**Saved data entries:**
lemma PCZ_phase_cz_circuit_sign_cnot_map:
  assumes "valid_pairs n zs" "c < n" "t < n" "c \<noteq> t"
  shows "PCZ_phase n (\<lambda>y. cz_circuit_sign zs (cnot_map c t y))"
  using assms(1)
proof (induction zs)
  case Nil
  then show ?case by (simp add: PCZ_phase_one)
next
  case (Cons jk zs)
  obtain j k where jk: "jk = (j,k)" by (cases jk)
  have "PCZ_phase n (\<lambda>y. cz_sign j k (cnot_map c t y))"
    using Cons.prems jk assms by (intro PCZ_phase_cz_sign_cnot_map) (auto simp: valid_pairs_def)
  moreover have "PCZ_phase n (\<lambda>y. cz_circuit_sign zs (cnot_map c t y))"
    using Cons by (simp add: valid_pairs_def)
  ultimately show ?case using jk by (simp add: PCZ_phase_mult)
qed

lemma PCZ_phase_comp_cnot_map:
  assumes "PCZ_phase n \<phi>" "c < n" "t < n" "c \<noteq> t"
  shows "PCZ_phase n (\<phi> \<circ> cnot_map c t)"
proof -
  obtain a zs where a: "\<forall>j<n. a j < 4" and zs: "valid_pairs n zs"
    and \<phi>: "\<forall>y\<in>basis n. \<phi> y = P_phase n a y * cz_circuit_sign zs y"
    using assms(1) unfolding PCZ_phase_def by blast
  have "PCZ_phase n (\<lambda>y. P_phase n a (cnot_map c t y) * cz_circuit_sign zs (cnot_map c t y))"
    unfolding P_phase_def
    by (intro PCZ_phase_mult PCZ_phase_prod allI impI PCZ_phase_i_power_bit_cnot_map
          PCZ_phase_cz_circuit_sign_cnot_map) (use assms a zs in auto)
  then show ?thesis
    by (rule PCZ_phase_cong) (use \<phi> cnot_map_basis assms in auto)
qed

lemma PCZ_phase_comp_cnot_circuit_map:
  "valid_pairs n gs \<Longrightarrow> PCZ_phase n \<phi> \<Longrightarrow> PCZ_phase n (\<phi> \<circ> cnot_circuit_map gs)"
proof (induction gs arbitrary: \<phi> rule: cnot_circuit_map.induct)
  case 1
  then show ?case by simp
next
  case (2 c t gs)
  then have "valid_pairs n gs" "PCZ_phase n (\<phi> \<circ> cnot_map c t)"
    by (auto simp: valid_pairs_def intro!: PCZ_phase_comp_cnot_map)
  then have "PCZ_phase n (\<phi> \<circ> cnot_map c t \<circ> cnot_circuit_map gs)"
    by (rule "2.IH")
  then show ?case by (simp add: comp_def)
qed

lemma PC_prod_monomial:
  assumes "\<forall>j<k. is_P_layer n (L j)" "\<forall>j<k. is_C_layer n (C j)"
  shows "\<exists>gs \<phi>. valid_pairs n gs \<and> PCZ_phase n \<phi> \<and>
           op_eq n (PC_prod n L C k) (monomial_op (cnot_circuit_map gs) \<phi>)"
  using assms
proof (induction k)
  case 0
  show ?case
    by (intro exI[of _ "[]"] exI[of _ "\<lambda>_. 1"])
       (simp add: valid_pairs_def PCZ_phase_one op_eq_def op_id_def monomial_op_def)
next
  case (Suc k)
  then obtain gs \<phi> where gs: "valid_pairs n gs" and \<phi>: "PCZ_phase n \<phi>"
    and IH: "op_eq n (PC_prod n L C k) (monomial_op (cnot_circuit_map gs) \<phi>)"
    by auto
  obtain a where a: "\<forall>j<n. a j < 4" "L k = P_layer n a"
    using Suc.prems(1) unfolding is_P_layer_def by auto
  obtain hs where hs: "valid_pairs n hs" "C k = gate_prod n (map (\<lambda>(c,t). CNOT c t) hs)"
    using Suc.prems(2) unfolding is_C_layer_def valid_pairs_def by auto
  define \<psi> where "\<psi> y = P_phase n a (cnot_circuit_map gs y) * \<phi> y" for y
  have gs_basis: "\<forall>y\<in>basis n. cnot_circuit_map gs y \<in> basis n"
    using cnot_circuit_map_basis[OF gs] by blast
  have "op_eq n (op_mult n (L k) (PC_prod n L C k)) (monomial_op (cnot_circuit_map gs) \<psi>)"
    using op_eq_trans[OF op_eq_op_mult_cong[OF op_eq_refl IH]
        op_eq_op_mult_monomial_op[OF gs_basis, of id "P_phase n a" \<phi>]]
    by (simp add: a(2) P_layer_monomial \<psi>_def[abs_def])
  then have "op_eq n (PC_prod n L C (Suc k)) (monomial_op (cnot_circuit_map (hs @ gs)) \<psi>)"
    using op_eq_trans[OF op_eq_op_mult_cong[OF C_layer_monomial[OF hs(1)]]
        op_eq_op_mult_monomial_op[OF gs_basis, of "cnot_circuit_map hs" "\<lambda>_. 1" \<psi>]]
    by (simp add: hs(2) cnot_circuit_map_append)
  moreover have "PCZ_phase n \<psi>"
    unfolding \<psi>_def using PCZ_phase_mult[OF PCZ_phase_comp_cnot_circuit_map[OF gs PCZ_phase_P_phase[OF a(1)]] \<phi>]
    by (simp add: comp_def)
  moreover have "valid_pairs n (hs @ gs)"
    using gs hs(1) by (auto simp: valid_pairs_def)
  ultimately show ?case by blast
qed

...

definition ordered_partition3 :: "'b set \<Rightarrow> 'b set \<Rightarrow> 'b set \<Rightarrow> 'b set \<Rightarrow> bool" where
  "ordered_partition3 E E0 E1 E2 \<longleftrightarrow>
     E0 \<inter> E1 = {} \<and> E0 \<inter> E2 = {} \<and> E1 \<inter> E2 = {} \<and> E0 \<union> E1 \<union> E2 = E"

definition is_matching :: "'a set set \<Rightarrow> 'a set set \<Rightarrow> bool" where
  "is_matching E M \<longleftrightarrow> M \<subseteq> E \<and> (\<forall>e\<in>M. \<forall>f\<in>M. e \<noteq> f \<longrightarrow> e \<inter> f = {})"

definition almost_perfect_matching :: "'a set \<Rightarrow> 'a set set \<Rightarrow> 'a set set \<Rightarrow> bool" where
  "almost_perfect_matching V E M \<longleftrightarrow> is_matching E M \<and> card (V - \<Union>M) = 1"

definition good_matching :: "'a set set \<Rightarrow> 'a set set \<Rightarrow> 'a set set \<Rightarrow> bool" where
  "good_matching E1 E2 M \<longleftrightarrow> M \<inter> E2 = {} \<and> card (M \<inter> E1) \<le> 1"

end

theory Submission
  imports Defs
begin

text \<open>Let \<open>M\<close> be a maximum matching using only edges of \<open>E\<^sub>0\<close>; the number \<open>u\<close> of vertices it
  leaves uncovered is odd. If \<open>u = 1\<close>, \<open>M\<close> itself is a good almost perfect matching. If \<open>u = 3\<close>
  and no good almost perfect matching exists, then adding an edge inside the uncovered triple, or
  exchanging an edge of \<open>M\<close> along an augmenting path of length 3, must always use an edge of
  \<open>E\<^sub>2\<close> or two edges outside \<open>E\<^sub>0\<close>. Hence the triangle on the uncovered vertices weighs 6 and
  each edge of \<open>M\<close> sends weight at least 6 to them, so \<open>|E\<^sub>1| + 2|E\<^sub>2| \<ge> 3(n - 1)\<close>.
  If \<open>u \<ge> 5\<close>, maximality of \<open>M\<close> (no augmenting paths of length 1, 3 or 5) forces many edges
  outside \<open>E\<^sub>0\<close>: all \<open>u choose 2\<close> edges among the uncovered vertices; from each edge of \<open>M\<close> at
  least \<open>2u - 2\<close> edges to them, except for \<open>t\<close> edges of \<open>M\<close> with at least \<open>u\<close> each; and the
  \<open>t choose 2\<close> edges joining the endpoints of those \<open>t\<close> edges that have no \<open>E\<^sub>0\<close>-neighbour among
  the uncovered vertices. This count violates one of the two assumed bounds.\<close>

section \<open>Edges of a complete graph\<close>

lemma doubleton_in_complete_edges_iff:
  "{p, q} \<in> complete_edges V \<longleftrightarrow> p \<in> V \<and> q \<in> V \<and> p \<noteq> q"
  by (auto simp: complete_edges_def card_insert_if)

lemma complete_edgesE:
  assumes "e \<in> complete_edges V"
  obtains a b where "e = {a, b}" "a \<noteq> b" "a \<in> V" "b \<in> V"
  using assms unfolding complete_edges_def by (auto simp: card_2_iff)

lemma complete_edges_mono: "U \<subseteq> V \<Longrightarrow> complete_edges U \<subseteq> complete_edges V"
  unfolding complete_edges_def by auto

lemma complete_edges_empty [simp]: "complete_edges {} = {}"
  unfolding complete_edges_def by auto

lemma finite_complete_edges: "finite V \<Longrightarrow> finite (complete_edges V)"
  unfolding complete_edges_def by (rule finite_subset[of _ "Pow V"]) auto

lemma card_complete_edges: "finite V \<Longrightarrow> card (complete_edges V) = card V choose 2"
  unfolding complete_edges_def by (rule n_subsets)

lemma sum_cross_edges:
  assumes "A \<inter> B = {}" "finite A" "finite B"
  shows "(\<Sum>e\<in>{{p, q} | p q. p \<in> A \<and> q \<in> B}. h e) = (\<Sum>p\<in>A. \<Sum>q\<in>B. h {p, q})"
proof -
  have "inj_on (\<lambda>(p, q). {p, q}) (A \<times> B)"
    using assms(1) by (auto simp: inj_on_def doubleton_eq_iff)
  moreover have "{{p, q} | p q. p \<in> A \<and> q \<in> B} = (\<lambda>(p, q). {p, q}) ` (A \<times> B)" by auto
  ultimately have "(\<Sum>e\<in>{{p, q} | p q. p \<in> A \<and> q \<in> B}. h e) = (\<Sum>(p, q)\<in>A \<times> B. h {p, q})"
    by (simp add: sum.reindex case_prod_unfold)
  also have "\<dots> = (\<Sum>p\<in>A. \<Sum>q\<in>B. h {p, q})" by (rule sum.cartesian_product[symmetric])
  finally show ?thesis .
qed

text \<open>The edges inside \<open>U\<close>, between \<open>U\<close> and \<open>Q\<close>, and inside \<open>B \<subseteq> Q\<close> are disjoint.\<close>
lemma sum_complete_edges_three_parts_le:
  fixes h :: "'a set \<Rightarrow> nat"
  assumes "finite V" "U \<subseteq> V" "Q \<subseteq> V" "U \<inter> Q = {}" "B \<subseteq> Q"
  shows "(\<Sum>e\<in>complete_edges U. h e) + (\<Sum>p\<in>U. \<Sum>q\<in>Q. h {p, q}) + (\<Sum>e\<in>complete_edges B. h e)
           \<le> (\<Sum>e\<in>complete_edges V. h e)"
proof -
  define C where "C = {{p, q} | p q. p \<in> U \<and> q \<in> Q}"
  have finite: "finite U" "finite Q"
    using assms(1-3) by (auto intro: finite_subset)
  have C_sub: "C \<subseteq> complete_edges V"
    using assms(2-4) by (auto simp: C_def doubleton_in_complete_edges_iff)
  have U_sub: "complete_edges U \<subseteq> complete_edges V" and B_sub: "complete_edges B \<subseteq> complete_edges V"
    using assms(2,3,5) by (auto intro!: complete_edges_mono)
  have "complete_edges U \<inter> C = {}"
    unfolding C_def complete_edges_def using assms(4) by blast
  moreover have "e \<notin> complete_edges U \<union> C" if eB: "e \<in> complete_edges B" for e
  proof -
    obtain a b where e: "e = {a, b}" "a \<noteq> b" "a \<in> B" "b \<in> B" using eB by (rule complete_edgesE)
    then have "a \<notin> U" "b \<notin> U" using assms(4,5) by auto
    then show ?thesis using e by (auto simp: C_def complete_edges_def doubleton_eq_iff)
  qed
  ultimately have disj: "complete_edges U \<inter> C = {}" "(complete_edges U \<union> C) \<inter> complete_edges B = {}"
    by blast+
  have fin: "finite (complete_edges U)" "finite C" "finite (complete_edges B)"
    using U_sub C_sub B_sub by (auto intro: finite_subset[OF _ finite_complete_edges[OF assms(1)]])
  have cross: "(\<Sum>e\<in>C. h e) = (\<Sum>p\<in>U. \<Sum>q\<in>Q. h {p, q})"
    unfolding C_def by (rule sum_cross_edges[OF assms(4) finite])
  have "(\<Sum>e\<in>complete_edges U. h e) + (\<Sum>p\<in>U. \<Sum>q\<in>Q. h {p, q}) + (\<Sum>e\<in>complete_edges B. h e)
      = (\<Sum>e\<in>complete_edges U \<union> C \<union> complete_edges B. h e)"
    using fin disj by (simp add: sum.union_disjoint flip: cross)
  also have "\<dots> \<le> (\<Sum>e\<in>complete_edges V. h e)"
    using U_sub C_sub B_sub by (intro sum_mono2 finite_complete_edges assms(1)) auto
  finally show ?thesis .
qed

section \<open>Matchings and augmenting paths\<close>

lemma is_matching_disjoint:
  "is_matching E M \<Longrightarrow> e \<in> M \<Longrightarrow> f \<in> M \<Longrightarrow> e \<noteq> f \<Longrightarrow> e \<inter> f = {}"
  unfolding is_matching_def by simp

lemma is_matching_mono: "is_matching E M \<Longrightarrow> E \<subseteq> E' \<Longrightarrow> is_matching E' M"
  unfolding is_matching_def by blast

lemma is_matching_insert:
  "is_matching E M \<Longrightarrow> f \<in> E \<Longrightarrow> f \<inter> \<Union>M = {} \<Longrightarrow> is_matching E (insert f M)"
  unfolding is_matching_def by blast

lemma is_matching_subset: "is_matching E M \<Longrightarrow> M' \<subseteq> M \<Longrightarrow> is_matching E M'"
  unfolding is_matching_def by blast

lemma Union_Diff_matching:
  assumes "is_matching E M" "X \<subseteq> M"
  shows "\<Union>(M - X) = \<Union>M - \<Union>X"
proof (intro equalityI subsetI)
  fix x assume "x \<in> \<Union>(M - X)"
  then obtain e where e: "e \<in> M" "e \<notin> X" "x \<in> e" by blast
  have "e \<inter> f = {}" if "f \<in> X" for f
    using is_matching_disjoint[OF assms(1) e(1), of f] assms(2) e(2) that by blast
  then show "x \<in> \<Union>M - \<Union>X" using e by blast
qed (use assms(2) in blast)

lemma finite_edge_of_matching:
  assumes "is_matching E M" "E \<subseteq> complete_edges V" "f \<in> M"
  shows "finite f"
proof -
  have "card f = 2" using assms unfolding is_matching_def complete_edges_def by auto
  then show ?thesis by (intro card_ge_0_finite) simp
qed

**ACTIVITY:**
For every line above that holds the word "forall", report the whole line.

**ANSWER SPACE:**
  obtain a zs where a: "\<forall>j<n. a j < 4" and zs: "valid_pairs n zs"
    and \<phi>: "\<forall>y\<in>basis n. \<phi> y = P_phase n a y * cz_circuit_sign zs y"
  assumes "\<forall>j<k. is_P_layer n (L j)" "\<forall>j<k. is_C_layer n (C j)"
  obtain a where a: "\<forall>j<n. a j < 4" "L k = P_layer n a"
  have gs_basis: "\<forall>y\<in>basis n. cnot_circuit_map gs y \<in> basis n"
  "is_matching E M \<longleftrightarrow> M \<subseteq> E \<and> (\<forall>e\<in>M. \<forall>f\<in>M. e \<noteq> f \<longrightarrow> e \<inter> f = {})"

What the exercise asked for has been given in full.